DATA RECORDS =
(* Let $n\ge 2$, $k=\lceil n/2\rceil$, and let $\sigma_n=a_1\cdots a_n$ be the top elementary symmetric polynomial in variables $a_1,\dots,a_n$. Then the polynomials $\ell_1,\dots,\ell_{k-1},\sigma_n\in\mathbb{Q}[a_1,\dots,a_n]$ are algebraically independent over $\mathbb{Q}$, where $\ell_i$ are defined by $\prod_{j=1}^n f(a_jt)=\sum_{i\ge0}\ell_i(a_1,\dots,a_n)t^{2i}$ with $f(t)=t/\tanh t$. Consequently the ring homomorphism $\mathbb{Q}[e,x_1,x_2,\dots]\to\mathbb{Q}[a_1,\dots,a_n,x_k,x_{k+1},\dots]$ given by $e\mapsto a_1\cdots a_n$, $x_i\mapsto\ell_i(a_1,\dots,a_n)$ for $i<k$, and $x_i\mapsto x_i$ for $i\ge k$ is injective.
   Context: Here $e$, $x_1,x_2,\dots$ and $a_1,\dots,a_n$ are independent polynomial variables. *)

theory Defs
  imports Complex_Main "HOL-Library.Poly_Mapping" "HOL-Computational_Algebra.Formal_Power_Series"
begin

text \<open>Multivariate polynomials over the rationals in variables of type 'v:
  finitely supported maps from monomials (exponent vectors 'v =>0 nat) to coefficients.\<close>
type_synonym 'v mpoly = "('v \<Rightarrow>\<^sub>0 nat) \<Rightarrow>\<^sub>0 rat"

definition mvar :: "'v \<Rightarrow> 'v mpoly" where
  "mvar v = Poly_Mapping.single (Poly_Mapping.single v 1) 1"

definition mconst :: "rat \<Rightarrow> 'v mpoly" where
  "mconst c = Poly_Mapping.single 0 c"

definition mvars :: "'v mpoly \<Rightarrow> 'v set" where
  "mvars P = \<Union> (Poly_Mapping.keys ` Poly_Mapping.keys P)"

definition meval :: "('v \<Rightarrow> 'w mpoly) \<Rightarrow> 'v mpoly \<Rightarrow> 'w mpoly" where
  "meval g P = (\<Sum>m\<in>Poly_Mapping.keys P.
      mconst (Poly_Mapping.lookup P m) * (\<Prod>v\<in>Poly_Mapping.keys m. g v ^ Poly_Mapping.lookup m v))"

definition alg_indep :: "'i set \<Rightarrow> ('i \<Rightarrow> 'w mpoly) \<Rightarrow> bool" where
  "alg_indep I p \<longleftrightarrow> (\<forall>P. mvars P \<subseteq> I \<longrightarrow> meval p P = 0 \<longrightarrow> P = 0)"

text \<open>The power series f(t) = t / tanh t = cosh t / (sinh t / t) over Q.\<close>
definition fps_cosh :: "rat fps" where
  "fps_cosh = fps_const (1/2) * (fps_exp 1 + fps_exp (-1))"

definition fps_sinh :: "rat fps" where
  "fps_sinh = fps_const (1/2) * (fps_exp 1 - fps_exp (-1))"

definition f_fps :: "rat fps" where
  "f_fps = fps_cosh * inverse (fps_shift 1 fps_sinh)"

text \<open>f(a t) with a a polynomial variable, as a power series in t with polynomial coefficients.\<close>
definition f_subst :: "'v \<Rightarrow> 'v mpoly fps" where
  "f_subst v = Abs_fps (\<lambda>d. Poly_Mapping.single (Poly_Mapping.single v d) (fps_nth f_fps d))"

definition ell :: "(nat \<Rightarrow> 'v) \<Rightarrow> nat \<Rightarrow> nat \<Rightarrow> 'v mpoly" where
  "ell av n i = fps_nth (\<Prod>j\<in>{1..n}. f_subst (av j)) (2 * i)"

definition sigma_top :: "(nat \<Rightarrow> 'v) \<Rightarrow> nat \<Rightarrow> 'v mpoly" where
  "sigma_top av n = (\<Prod>j\<in>{1..n}. mvar (av j))"

text \<open>Variables of Q[e, x_1, x_2, ...] and of Q[a_1..a_n, x_k, x_{k+1}, ...].\<close>
datatype svar = E | X nat
datatype tvar = A nat | Y nat

end

theory Submission
  imports Defs
begin

text \<open>Write \<open>e\<^sub>r\<close> for the elementary symmetric polynomials in \<open>a\<^sub>1\<^sup>2, \<dots>, a\<^sub>n\<^sup>2\<close>.
  The series \<open>f = t / tanh t\<close> satisfies \<open>t f' = f + t\<^sup>2 - f\<^sup>2\<close> and \<open>f(t) f(2t) = t\<^sup>2 + f(t)\<^sup>2\<close>,
  so its logarithmic Euler derivative is \<open>\<nu> = 1 + f(2t) - 2 f(t)\<close>, an even series whose
  coefficients \<open>\<nu>\<^sub>2\<^sub>r\<close> are all nonzero because those of \<open>f\<close> alternate in sign. Taking the
  logarithmic derivative of \<open>\<Prod>\<^sub>j f(a\<^sub>j t)\<close> and comparing with Newton's identities for the
  power sums \<open>p\<^sub>2\<^sub>r = \<Sum>\<^sub>j a\<^sub>j\<^sup>2\<^sup>r\<close> gives \<open>\<ell>\<^sub>r = c\<^sub>r e\<^sub>r + (polynomial in e\<^sub>1, \<dots>, e\<^sub>r\<^sub>-\<^sub>1)\<close> with
  \<open>c\<^sub>r = \<plusminus>\<nu>\<^sub>2\<^sub>r / 2 \<noteq> 0\<close>. Hence \<open>\<sigma>\<^sub>n, \<ell>\<^sub>1, \<dots>, \<ell>\<^sub>k\<^sub>-\<^sub>1\<close> arise from \<open>\<sigma>\<^sub>n, e\<^sub>1, \<dots>, e\<^sub>k\<^sub>-\<^sub>1\<close> by an
  invertible triangular substitution, and the latter are independent because their
  lexicographic leading monomials \<open>a\<^sub>1 \<cdots> a\<^sub>n\<close> and \<open>a\<^sub>1\<^sup>2 \<cdots> a\<^sub>r\<^sup>2\<close> (\<open>r < k \<le> n\<close>) are
  \<open>\<nat>\<close>-linearly independent. Adjoining fresh variables \<open>x\<^sub>k, x\<^sub>k\<^sub>+\<^sub>1, \<dots>\<close> preserves this.\<close>

unbundle fps_syntax

section \<open>Substitution homomorphisms of multivariate polynomials\<close>

lemma mconst_add: "mconst (a + b) = mconst a + mconst b"
  by (simp add: mconst_def single_add)

lemma mconst_mult: "mconst (a * b) = mconst a * mconst b"
  by (simp add: mconst_def mult_single)

lemma mconst_0 [simp]: "mconst 0 = 0"
  by (simp add: mconst_def)

lemma mconst_1 [simp]: "mconst 1 = 1"
  by (simp add: mconst_def)

lemma mconst_of_nat: "mconst (of_nat n) = of_nat n"
  by (simp add: mconst_def)

lemma lookup_mconst_mult:
  "Poly_Mapping.lookup (mconst c * p) m = c * Poly_Mapping.lookup p m"
  by (simp add: mconst_def mult_map_scale_conv_mult[symmetric] map.rep_eq when_def)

TO DO = Please give back exactly the lines of this listing beginning at the line with "i = fps_nth" and ending with the line with "text \<open>Variables of", both included, and nothing else.

COMPLETED EXERCISE =
  "ell av n i = fps_nth (\<Prod>j\<in>{1..n}. f_subst (av j)) (2 * i)"

definition sigma_top :: "(nat \<Rightarrow> 'v) \<Rightarrow> nat \<Rightarrow> 'v mpoly" where
  "sigma_top av n = (\<Prod>j\<in>{1..n}. mvar (av j))"

text \<open>Variables of Q[e, x_1, x_2, ...] and of Q[a_1..a_n, x_k, x_{k+1}, ...].\<close>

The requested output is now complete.